→ **YOUR INSTRUCTIONS**
In the listing below, pick out lines with "subseteq".

→ **INFORMATION PROVIDED**
text \<open>A set S violating Hall's condition, together with its neighbours and the ends of f,
would be a vertex set with a single edge in its cut.\<close>

lemma Hall_condition_nbrs:
  assumes "S \<subseteq> A\<^sub>0"
  shows "card S \<le> card (\<Union>(nbrs ` S))"
proof (rule ccontr)
  let ?N = "\<Union>(nbrs ` S)"
  let ?T = "?N \<union> {s f, t f}"
  assume deficient: "\<not> card S \<le> card ?N"
  have "?N \<subseteq> B\<^sub>0"
    by blast
  then have card_T: "card ?T = card ?N + 2"
    using finite_V surplus_not_loops by (simp add: card_Un_disjoint finite_subset)
  have "S \<subseteq> V" "S \<inter> ?T = {}" and T_outside: "?T \<subseteq> V - A"
    using assms side f_outside ends_in_V surplus_in_E by auto
  have edges_at_S: "\<forall>g\<in>E. (s g \<in> S \<longrightarrow> t g \<in> ?T) \<and> (t g \<in> S \<longrightarrow> s g \<in> ?T)"
  proof (intro ballI conjI impI)
    fix g assume "g \<in> E"
    show "t g \<in> ?T" if "s g \<in> S"
      using edge_from_A\<^sub>0[OF \<open>g \<in> E\<close>, of "s g" "t g"] that assms by blast
    show "s g \<in> ?T" if "t g \<in> S"
      using edge_from_A\<^sub>0[OF \<open>g \<in> E\<close>, of "t g" "s g"] that assms by blast
  qed
  have "inner_edges E s t ?T \<subseteq> inner_edges E s t (V - A)"
    using T_outside unfolding inner_edges_def by blast
  then have inner_T: "inner_edges E s t ?T = {f}"
    using inner_edges_sides(2) surplus_in_E unfolding inner_edges_def by blast
  have "3 * card ?T = 3 * card S + card (cut_edges E s t (S \<union> ?T)) + 2"
    using cubic_card_eq_cut_Un[OF cubic \<open>S \<subseteq> V\<close> _ \<open>S \<inter> ?T = {}\<close> edges_at_S] T_outside inner_T
    by auto
  moreover have "c = 1" if "3 * (n + 2) = 3 * m + c + 2" "n < m" for c m n :: nat
    using that by presburger
  ultimately have "card (cut_edges E s t (S \<union> ?T)) = 1"
    using card_T deficient by simp
  with bridgeless show False
    using not_bridgeless_if_card_cut_edges_1 by blast
qed

lemma perfect_matching_containing_surplus: "\<exists>M. perfect_matching V E s t M \<and> e \<in> M \<and> f \<in> M"
proof -
  have "finite A\<^sub>0" "\<forall>v\<in>A\<^sub>0. finite (nbrs v)" "\<forall>S\<subseteq>A\<^sub>0. card S \<le> card (\<Union>(nbrs ` S))"
    using finite_V side Hall_condition_nbrs by (auto intro: finite_subset)
  from Hall_marriage[OF this] obtain R where R: "inj_on R A\<^sub>0" "\<forall>v\<in>A\<^sub>0. R v \<in> nbrs v"
    by blast
  then have "R ` A\<^sub>0 = B\<^sub>0"
    using finite_V card_A\<^sub>0_eq_card_B\<^sub>0 by (intro card_subset_eq) (auto simp: card_image)
  then have "bij_betw R A\<^sub>0 B\<^sub>0"
    using R(1) by (simp add: bij_betw_def)
  moreover have "A\<^sub>0 \<inter> B\<^sub>0 = {}"
    by blast
  moreover have "\<forall>v\<in>A\<^sub>0. adj E s t v (R v)"
    using R(2) by blast
  ultimately obtain M where M: "perfect_matching (A\<^sub>0 \<union> B\<^sub>0) E s t M"
    "\<forall>g\<in>M. s g \<in> A\<^sub>0 \<union> B\<^sub>0 \<and> t g \<in> A\<^sub>0 \<union> B\<^sub>0"
    by (rule perfect_matching_of_bij)
  have "perfect_matching ({s e, t e} \<union> {s f, t f}) E s t ({e} \<union> {f})"
    using e_inside f_outside surplus_in_E surplus_not_loops
    by (intro perfect_matching_Un perfect_matching_edge) auto
  then have "perfect_matching ({s e, t e} \<union> {s f, t f} \<union> (A\<^sub>0 \<union> B\<^sub>0)) E s t ({e} \<union> {f} \<union> M)"
    by (rule perfect_matching_Un[OF _ _ M]) (auto simp: e_inside f_outside)
  moreover have "{s e, t e} \<union> {s f, t f} \<union> (A\<^sub>0 \<union> B\<^sub>0) = V"
    using side e_inside f_outside ends_in_V surplus_in_E by auto
  ultimately show ?thesis
    by auto
qed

→ **RESULT FOR THIS TASK**
  assumes "S \<subseteq> A\<^sub>0"
  have "?N \<subseteq> B\<^sub>0"
  have "S \<subseteq> V" "S \<inter> ?T = {}" and T_outside: "?T \<subseteq> V - A"
  have "inner_edges E s t ?T \<subseteq> inner_edges E s t (V - A)"
    using cubic_card_eq_cut_Un[OF cubic \<open>S \<subseteq> V\<close> _ \<open>S \<inter> ?T = {}\<close> edges_at_S] T_outside inner_T
  have "finite A\<^sub>0" "\<forall>v\<in>A\<^sub>0. finite (nbrs v)" "\<forall>S\<subseteq>A\<^sub>0. card S \<le> card (\<Union>(nbrs ` S))"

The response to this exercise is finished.